- Work item: Word for word, copy every line of the data.

━━ Task inputs

text \<open>Positions by arc length: the follower moves from \<open>A\<close> to \<open>B\<close>, the FTA from \<open>T\<close> to \<open>T'\<close>
  paying \<open>p\<close>, having passed \<open>J\<close> with cost \<open>wj\<close>.  The potential gain of the follower is at
  most \<open>T' - T\<close> unless it overshoots \<open>max A T\<close>, in which case the overshoot, charged twice,
  is paid for by the minimality of \<open>c\<^sup>~\<close>.\<close>

lemma follow_step_arith:
  fixes A B T T' J wb wj p :: real
  assumes "min A T \<le> B" and "T \<le> J" and "J \<le> T'" and "0 \<le> wb" and "0 \<le> wj"
    and minimal: "wb + max 0 (B - max A T) \<le> wj + max 0 (J - max A T)" and "wj \<le> p"
  shows "\<bar>A - B\<bar> + wb + \<bar>B - T'\<bar> - \<bar>A - T\<bar> \<le> 2 * p + 2 * (T' - T)"
proof -
  have "T \<le> T'" using assms(2,3) by simp
  have overshoot_paid: "wb + max 0 (B - max A T) \<le> p + (T' - T)"
    using minimal assms(2,3,7) by linarith
  show ?thesis
  proof (cases "B \<le> max A T \<or> B \<le> T'")
    case True
    then have "\<bar>A - B\<bar> + \<bar>B - T'\<bar> - \<bar>A - T\<bar> \<le> T' - T"
      using assms(1-3) by (smt (verit))
    then show ?thesis
      using overshoot_paid \<open>T \<le> T'\<close> \<open>0 \<le> wj\<close> \<open>wj \<le> p\<close> by (smt (verit))
  next
    case False
    then have "\<bar>A - B\<bar> + \<bar>B - T'\<bar> - \<bar>A - T\<bar> = 2 * (B - max A T) - (T' - T)"
      using assms(2,3) by (smt (verit))
    then show ?thesis using overshoot_paid \<open>0 \<le> wb\<close> \<open>T \<le> T'\<close> False by (smt (verit))
  qed
qed

lemma follow_step_amortized:
  assumes met: "metric_ts d" and "\<forall>s. 0 \<le> v s"
    and "min a t \<le> b" and minimal: "\<forall>j \<ge> min a t. ctilde d tau v (max a t) b \<le> ctilde d tau v (max a t) j"
    and "t \<le> k" and "k \<le> t'" and "v (tau k) \<le> p"
  shows "d (tau a) (tau b) + v (tau b) + delta d tau b t' - delta d tau a t
    \<le> 2 * p + 2 * delta d tau t t'"
proof -
  have d_nonneg: "\<forall>s t. 0 \<le> d s t" using met by (simp add: metric_ts_def)
  let ?P = "trav_pos d tau"
  have "min a t \<le> k" using \<open>t \<le> k\<close> by simp
  then have "ctilde d tau v (max a t) b \<le> ctilde d tau v (max a t) k" using minimal by blast
  then have "v (tau b) + max 0 (?P b - max (?P a) (?P t)) \<le> v (tau k) + max 0 (?P k - max (?P a) (?P t))"
    unfolding ctilde_eq_trav_pos[OF d_nonneg] trav_pos_max_min(1)[OF d_nonneg] .
  moreover have "min (?P a) (?P t) \<le> ?P b"
    using trav_pos_mono[OF d_nonneg \<open>min a t \<le> b\<close>] trav_pos_max_min(2)[OF d_nonneg] by simp
  moreover have "?P t \<le> ?P k" "?P k \<le> ?P t'"
    using trav_pos_mono[OF d_nonneg] \<open>t \<le> k\<close> \<open>k \<le> t'\<close> by auto
  ultimately have "\<bar>?P a - ?P b\<bar> + v (tau b) + \<bar>?P b - ?P t'\<bar> - \<bar>?P a - ?P t\<bar> \<le> 2 * p + 2 * (?P t' - ?P t)"
    by (intro follow_step_arith) (use \<open>\<forall>s. 0 \<le> v s\<close> \<open>v (tau k) \<le> p\<close> in auto)
  moreover have "?P t \<le> ?P t'" using \<open>?P t \<le> ?P k\<close> \<open>?P k \<le> ?P t'\<close> by linarith
  ultimately show ?thesis
    using dist_le_delta[OF met, of tau a b]
    unfolding delta_eq_abs_trav_pos[OF d_nonneg] by simp
qed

━━━━

- Response below:
text \<open>Positions by arc length: the follower moves from \<open>A\<close> to \<open>B\<close>, the FTA from \<open>T\<close> to \<open>T'\<close>
  paying \<open>p\<close>, having passed \<open>J\<close> with cost \<open>wj\<close>.  The potential gain of the follower is at
  most \<open>T' - T\<close> unless it overshoots \<open>max A T\<close>, in which case the overshoot, charged twice,
  is paid for by the minimality of \<open>c\<^sup>~\<close>.\<close>

lemma follow_step_arith:
  fixes A B T T' J wb wj p :: real
  assumes "min A T \<le> B" and "T \<le> J" and "J \<le> T'" and "0 \<le> wb" and "0 \<le> wj"
    and minimal: "wb + max 0 (B - max A T) \<le> wj + max 0 (J - max A T)" and "wj \<le> p"
  shows "\<bar>A - B\<bar> + wb + \<bar>B - T'\<bar> - \<bar>A - T\<bar> \<le> 2 * p + 2 * (T' - T)"
proof -
  have "T \<le> T'" using assms(2,3) by simp
  have overshoot_paid: "wb + max 0 (B - max A T) \<le> p + (T' - T)"
    using minimal assms(2,3,7) by linarith
  show ?thesis
  proof (cases "B \<le> max A T \<or> B \<le> T'")
    case True
    then have "\<bar>A - B\<bar> + \<bar>B - T'\<bar> - \<bar>A - T\<bar> \<le> T' - T"
      using assms(1-3) by (smt (verit))
    then show ?thesis
      using overshoot_paid \<open>T \<le> T'\<close> \<open>0 \<le> wj\<close> \<open>wj \<le> p\<close> by (smt (verit))
  next
    case False
    then have "\<bar>A - B\<bar> + \<bar>B - T'\<bar> - \<bar>A - T\<bar> = 2 * (B - max A T) - (T' - T)"
      using assms(2,3) by (smt (verit))
    then show ?thesis using overshoot_paid \<open>0 \<le> wb\<close> \<open>T \<le> T'\<close> False by (smt (verit))
  qed
qed

lemma follow_step_amortized:
  assumes met: "metric_ts d" and "\<forall>s. 0 \<le> v s"
    and "min a t \<le> b" and minimal: "\<forall>j \<ge> min a t. ctilde d tau v (max a t) b \<le> ctilde d tau v (max a t) j"
    and "t \<le> k" and "k \<le> t'" and "v (tau k) \<le> p"
  shows "d (tau a) (tau b) + v (tau b) + delta d tau b t' - delta d tau a t
    \<le> 2 * p + 2 * delta d tau t t'"
proof -
  have d_nonneg: "\<forall>s t. 0 \<le> d s t" using met by (simp add: metric_ts_def)
  let ?P = "trav_pos d tau"
  have "min a t \<le> k" using \<open>t \<le> k\<close> by simp
  then have "ctilde d tau v (max a t) b \<le> ctilde d tau v (max a t) k" using minimal by blast
  then have "v (tau b) + max 0 (?P b - max (?P a) (?P t)) \<le> v (tau k) + max 0 (?P k - max (?P a) (?P t))"
    unfolding ctilde_eq_trav_pos[OF d_nonneg] trav_pos_max_min(1)[OF d_nonneg] .
  moreover have "min (?P a) (?P t) \<le> ?P b"
    using trav_pos_mono[OF d_nonneg \<open>min a t \<le> b\<close>] trav_pos_max_min(2)[OF d_nonneg] by simp
  moreover have "?P t \<le> ?P k" "?P k \<le> ?P t'"
    using trav_pos_mono[OF d_nonneg] \<open>t \<le> k\<close> \<open>k \<le> t'\<close> by auto
  ultimately have "\<bar>?P a - ?P b\<bar> + v (tau b) + \<bar>?P b - ?P t'\<bar> - \<bar>?P a - ?P t\<bar> \<le> 2 * p + 2 * (?P t' - ?P t)"
    by (intro follow_step_arith) (use \<open>\<forall>s. 0 \<le> v s\<close> \<open>v (tau k) \<le> p\<close> in auto)
  moreover have "?P t \<le> ?P t'" using \<open>?P t \<le> ?P k\<close> \<open>?P k \<le> ?P t'\<close> by linarith
  ultimately show ?thesis
    using dist_le_delta[OF met, of tau a b]
    unfolding delta_eq_abs_trav_pos[OF d_nonneg] by simp
qed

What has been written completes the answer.